Start of Block

lemma euler_char_Union_full_simplex_eq_nerve:
  fixes C :: "'a set set"
  assumes "finite C" and finite_members: "\<And>\<sigma>. \<sigma> \<in> C \<Longrightarrow> finite \<sigma>"
  shows "euler_char (\<Union>\<sigma>\<in>C. full_simplex \<sigma>)
       = euler_char {F. F \<noteq> {} \<and> F \<subseteq> C \<and> (\<Inter>\<sigma>\<in>F. full_simplex \<sigma>) \<noteq> {}}"
proof -
  let ?K = "\<Union>\<sigma>\<in>C. full_simplex \<sigma>"
  let ?P = "full_simplex C"
  let ?sign = "\<lambda>X. (-1::int) ^ (card X - 1)"
  have "finite ?K"
    using assms by (auto simp: full_simplex_def intro: finite_subset[of _ "\<Union>\<sigma>\<in>C. Pow \<sigma>"])
  have "finite ?P"
    using assms by (auto simp: full_simplex_def intro: finite_subset[of _ "Pow C"])
  have faces_of_family: "euler_char (full_simplex {\<sigma>\<in>C. \<tau> \<subseteq> \<sigma>}) = 1" if "\<tau> \<in> ?K" for \<tau>
    using that assms(1) by (subst euler_char_full_simplex) (auto simp: full_simplex_def)
  have families_of_face: "{\<tau>\<in>?K. \<forall>\<sigma>\<in>F. \<tau> \<subseteq> \<sigma>} = full_simplex (\<Inter>F)" if "F \<in> ?P" for F
    using that by (auto simp: full_simplex_def)
  have "euler_char ?K = (\<Sum>\<tau>\<in>?K. ?sign \<tau> * euler_char (full_simplex {\<sigma>\<in>C. \<tau> \<subseteq> \<sigma>}))"
    using faces_of_family by (simp add: euler_char_def)
  also have "\<dots> = (\<Sum>\<tau>\<in>?K. \<Sum>F\<in>{F\<in>?P. \<forall>\<sigma>\<in>F. \<tau> \<subseteq> \<sigma>}. ?sign \<tau> * ?sign F)"
    by (auto simp: euler_char_def sum_distrib_left full_simplex_def intro!: sum.cong)
  also have "\<dots> = (\<Sum>F\<in>?P. \<Sum>\<tau>\<in>{\<tau>\<in>?K. \<forall>\<sigma>\<in>F. \<tau> \<subseteq> \<sigma>}. ?sign \<tau> * ?sign F)"
    by (rule sum.swap_restrict[OF \<open>finite ?K\<close> \<open>finite ?P\<close>])
  also have "\<dots> = (\<Sum>F\<in>?P. ?sign F * euler_char (full_simplex (\<Inter>F)))"
    unfolding euler_char_def
  proof (rule sum.cong[OF refl])
    fix F assume "F \<in> ?P"
    then show "(\<Sum>\<tau>\<in>{\<tau>\<in>?K. \<forall>\<sigma>\<in>F. \<tau> \<subseteq> \<sigma>}. ?sign \<tau> * ?sign F)
        = ?sign F * (\<Sum>\<tau>\<in>full_simplex (\<Inter>F). ?sign \<tau>)"
      by (simp only: families_of_face sum_distrib_left mult.commute)
  qed
  also have "\<dots> = (\<Sum>F\<in>?P. if (\<Inter>\<sigma>\<in>F. full_simplex \<sigma>) \<noteq> {} then ?sign F else 0)"
  proof (rule sum.cong)
    fix F assume "F \<in> ?P"
    then have "finite (\<Inter>F)" "F \<noteq> {}"
      using finite_members by (auto simp: full_simplex_def intro: finite_subset[OF Inter_lower])
    then show "?sign F * euler_char (full_simplex (\<Inter>F))
        = (if (\<Inter>\<sigma>\<in>F. full_simplex \<sigma>) \<noteq> {} then ?sign F else 0)"
      by (simp add: euler_char_full_simplex INT_full_simplex)
  qed simp
  also have "\<dots> = euler_char {F. F \<noteq> {} \<and> F \<subseteq> C \<and> (\<Inter>\<sigma>\<in>F. full_simplex \<sigma>) \<noteq> {}}"
    unfolding euler_char_def sum.inter_filter[OF \<open>finite ?P\<close>, symmetric]
    by (rule sum.cong) (auto simp: full_simplex_def)
  finally show ?thesis .
qed

lemma euler_char_by_card:
  assumes "finite K" and faces: "\<And>\<sigma>. \<sigma> \<in> K \<Longrightarrow> \<sigma> \<noteq> {} \<and> finite \<sigma> \<and> card \<sigma> \<le> m"
  shows "euler_char K = (\<Sum>r = 1..m. (-1) ^ (r - 1) * int (card {\<sigma>\<in>K. card \<sigma> = r}))"
proof -
  have "card ` K \<subseteq> {1..m}"
    using faces by (auto simp: Suc_le_eq card_gt_0_iff)
  then have "euler_char K = (\<Sum>r = 1..m. \<Sum>\<sigma>\<in>{\<sigma>\<in>K. card \<sigma> = r}. (-1) ^ (card \<sigma> - 1))"
    unfolding euler_char_def by (rule sum.group[OF \<open>finite K\<close> finite_atLeastAtMost, symmetric])
  also have "\<dots> = (\<Sum>r = 1..m. (-1) ^ (r - 1) * int (card {\<sigma>\<in>K. card \<sigma> = r}))"
    by (rule sum.cong) auto
  finally show ?thesis .
qed

section \<open>Partitions as lists of parts\<close>

definition is_partition :: "nat list \<Rightarrow> bool" where
  "is_partition xs \<longleftrightarrow> sorted_wrt (\<ge>) xs \<and> (\<forall>x\<in>set xs. 0 < x)"

lemma partitions_iff: "lam \<in> partitions n \<longleftrightarrow> is_partition lam \<and> sum_list lam = n"
  unfolding partitions_def is_partition_def by auto

lemma part_0 [simp]: "part lam 0 = 0"
  by (simp add: Defs.part_def)

lemma part_beyond: "length lam < k \<Longrightarrow> part lam k = 0"
  by (simp add: Defs.part_def)

lemma part_pos_iff: "\<forall>x\<in>set lam. 0 < x \<Longrightarrow> 0 < part lam k \<longleftrightarrow> 1 \<le> k \<and> k \<le> length lam"
  unfolding Defs.part_def by (auto dest!: nth_mem)

lemma part_antimono:
  assumes "is_partition lam" "1 \<le> k" "k \<le> l"
  shows "part lam l \<le> part lam k"
proof (cases "k < l \<and> l \<le> length lam")
  case True
  then have "k - 1 < l - 1" "l - 1 < length lam"
    using assms by auto
  then have "lam ! (l - 1) \<le> lam ! (k - 1)"
    using assms unfolding is_partition_def sorted_wrt_iff_nth_less by blast
  then show ?thesis
    using True assms by (simp add: Defs.part_def)
qed (use assms in \<open>auto simp: part_beyond\<close>)

lemma list_eq_by_parts:
  assumes "\<forall>x\<in>set xs. 0 < x" "\<forall>y\<in>set ys. 0 < y" "\<And>k. part xs k = part ys k"
  shows "xs = ys"
proof -
  have "length xs = length ys"
  proof (rule ccontr)
    let ?M = "max (length xs) (length ys)"
    assume "length xs \<noteq> length ys"
    then have "(0 < part xs ?M) \<noteq> (0 < part ys ?M)"
      unfolding part_pos_iff[OF assms(1)] part_pos_iff[OF assms(2)] by auto
    then show False
      using assms(3) by simp
  qed
  then show ?thesis
  proof (rule nth_equalityI)
    fix i assume "i < length xs"
    then show "xs ! i = ys ! i"
      using assms(3)[of "Suc i"] \<open>length xs = length ys\<close> by (simp add: Defs.part_def)
  qed
qed

lemma sum_list_eq_sum_parts:
  assumes "length xs \<le> m"
  shows "sum_list xs = (\<Sum>k = 1..m. part xs k)"
proof -
  have "(\<Sum>k = 1..m. part xs k) = (\<Sum>k = 1..length xs. part xs k)"
    by (rule sum.mono_neutral_right) (use assms in \<open>auto simp: part_beyond\<close>)
  also have "\<dots> = (\<Sum>i<length xs. xs ! i)"
    by (rule sum.reindex_bij_witness[of _ Suc "\<lambda>k. k - 1"]) (auto simp: Defs.part_def)
  finally show ?thesis by (simp add: sum_list_sum_nth atLeast0LessThan)
qed

lemma finite_partitions: "finite (partitions n)"
proof (rule finite_subset)
  show "partitions n \<subseteq> {xs. set xs \<subseteq> {..n} \<and> length xs \<le> n}"
  proof
    fix xs assume "xs \<in> partitions n"
    moreover have "length xs \<le> sum_list xs" if "\<forall>x\<in>set xs. 0 < x"
      using that by (induction xs) auto
    ultimately show "xs \<in> {xs. set xs \<subseteq> {..n} \<and> length xs \<le> n}"
      using member_le_sum_list[of _ xs] by (auto simp: partitions_def)
  qed
qed (rule finite_lists_length_le, simp)

definition sorted_parts :: "(nat \<Rightarrow> nat) \<Rightarrow> nat \<Rightarrow> nat list" where
  "sorted_parts w m = rev (sort (filter (\<lambda>x. 0 < x) (map w [1..<Suc m])))"

lemma move_eq_sorted_parts:
  "move lam i j
     = sorted_parts (\<lambda>k. part lam k + (if k = j then 1 else 0) - (if k = i then 1 else 0)) (Suc (length lam))"
  by (simp add: move_def sorted_parts_def)

lemma sorted_parts_cong_mset:
  "mset (map w [1..<Suc m]) = mset (map w' [1..<Suc m]) \<Longrightarrow> sorted_parts w m = sorted_parts w' m"
  unfolding sorted_parts_def by (metis mset_filter sorted_list_of_multiset_mset)

lemma lift_Suc_antimono_le_from_1:
  fixes w :: "nat \<Rightarrow> 'a::order"
  assumes "\<And>k. 1 \<le> k \<Longrightarrow> w (Suc k) \<le> w k" "1 \<le> k" "k \<le> l"
  shows "w l \<le> w k"
  using lift_Suc_antimono_le[of "\<lambda>i. w (Suc i)" "k - 1" "l - 1"] assms by simp

lemma antitone_support_initial_segment:
  fixes w :: "nat \<Rightarrow> nat"
  assumes antitone: "\<And>k. 1 \<le> k \<Longrightarrow> w (Suc k) \<le> w k"
    and "w 0 = 0" and vanish: "\<And>k. m < k \<Longrightarrow> w k = 0"
  obtains L where "L \<le> m" "\<And>k. 0 < w k \<longleftrightarrow> 1 \<le> k \<and> k \<le> L"
proof -
  define L where "L = Max (insert 0 {k. 0 < w k})"
  have "k \<le> m" if "0 < w k" for k
    using vanish[of k] that by (cases "m < k") auto
  then have "{k. 0 < w k} \<subseteq> {..m}"
    by auto
  then have "finite {k. 0 < w k}"
    by (rule finite_subset) simp
  have "L \<le> m"
    unfolding L_def using \<open>finite {k. 0 < w k}\<close> \<open>{k. 0 < w k} \<subseteq> {..m}\<close> by (subst Max_le_iff) auto
  moreover have "0 < w k \<longleftrightarrow> 1 \<le> k \<and> k \<le> L" for k
  proof
    assume "0 < w k"
    then show "1 \<le> k \<and> k \<le> L"
      using \<open>w 0 = 0\<close> \<open>finite {k. 0 < w k}\<close> by (auto simp: L_def Suc_le_eq intro: gr0I)
  next
    assume k: "1 \<le> k \<and> k \<le> L"
    then have "L \<in> {k. 0 < w k}"
      using Max_in[of "insert 0 {k. 0 < w k}"] \<open>finite {k. 0 < w k}\<close> by (auto simp: L_def)
    then show "0 < w k"
      using lift_Suc_antimono_le_from_1[where w = w, OF antitone, of k L] k by simp
  qed
  ultimately show thesis
    using that by blast
qed

lemma sorted_parts_of_antitone:
  assumes antitone: "\<And>k. 1 \<le> k \<Longrightarrow> w (Suc k) \<le> w k"
    and "w 0 = 0" and "\<And>k. m < k \<Longrightarrow> w k = 0"
  shows "is_partition (sorted_parts w m)" and "part (sorted_parts w m) = w"
proof -
  obtain L where "L \<le> m" and pos: "\<And>k. 0 < w k \<longleftrightarrow> 1 \<le> k \<and> k \<le> L"
    using antitone_support_initial_segment[of w m] assms by blast
  have zero: "w k = 0" if "L < k" for k
    using pos[of k] that by simp
  define nu where "nu = map w [1..<Suc L]"
  have "[1..<Suc m] = [1..<Suc L] @ [Suc L..<Suc m]"
    using upt_add_eq_append[of 1 "Suc L" "m - L"] \<open>L \<le> m\<close> by simp
  then have filtered: "filter (\<lambda>x. 0 < x) (map w [1..<Suc m]) = nu"
    unfolding nu_def using pos zero by (simp add: filter_empty_conv del: upt_Suc)
  have "sorted_wrt (\<ge>) nu"
    unfolding nu_def sorted_wrt_map
    by (rule sorted_wrt_mono_rel[OF _ sorted_wrt_upt])
      (auto intro: lift_Suc_antimono_le_from_1[where w = w, OF antitone])
  then have "rev (sort nu) = nu"
    by (metis properties_for_sort mset_rev rev_rev_ident sorted_wrt_rev)
  then have sorted_parts_eq: "sorted_parts w m = nu"
    unfolding sorted_parts_def filtered .
  show "is_partition (sorted_parts w m)"
    unfolding sorted_parts_eq is_partition_def using \<open>sorted_wrt (\<ge>) nu\<close> pos
    by (auto simp: nu_def)
  show "part (sorted_parts w m) = w"
  proof
    fix k
    show "part (sorted_parts w m) k = w k"
      using pos[of k] by (auto simp: sorted_parts_eq Defs.part_def nu_def nth_append simp del: upt_Suc)
  qed
qed

lemma sorted_parts_part:
  assumes "is_partition lam" "length lam \<le> m"
  shows "sorted_parts (part lam) m = lam"
proof -
  have "part (sorted_parts (part lam) m) = part lam" "is_partition (sorted_parts (part lam) m)"
    using sorted_parts_of_antitone[of "part lam" m] part_antimono[OF assms(1)] assms(2)
    by (auto simp: part_beyond)
  then show ?thesis
    using assms(1) by (intro list_eq_by_parts) (auto simp: is_partition_def)
qed

section \<open>Moving a cell between rows\<close>

text \<open>\<open>is_transfer lam c a nu\<close> says that \<open>nu\<close> is \<open>\<lambda>(c \<rightarrow> a)\<close> and that no reordering
  was needed; by \<open>admissible_move_iff\<close> every admissible transfer is of this form.\<close>
definition is_transfer :: "nat list \<Rightarrow> nat \<Rightarrow> nat \<Rightarrow> nat list \<Rightarrow> bool" where
  "is_transfer lam c a nu \<longleftrightarrow>
     (\<forall>k. int (part nu k) = int (part lam k) + (if k = a then 1 else 0) - (if k = c then 1 else 0))"

lemma is_transferD:
  "is_transfer lam c a nu
     \<Longrightarrow> int (part nu k) = int (part lam k) + (if k = a then 1 else 0) - (if k = c then 1 else 0)"
  unfolding is_transfer_def by blast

End of Block

Required work: Show the lines of the material that contain the word "vanish".

Response:
    and "w 0 = 0" and vanish: "\<And>k. m < k \<Longrightarrow> w k = 0"
    using vanish[of k] that by (cases "m < k") auto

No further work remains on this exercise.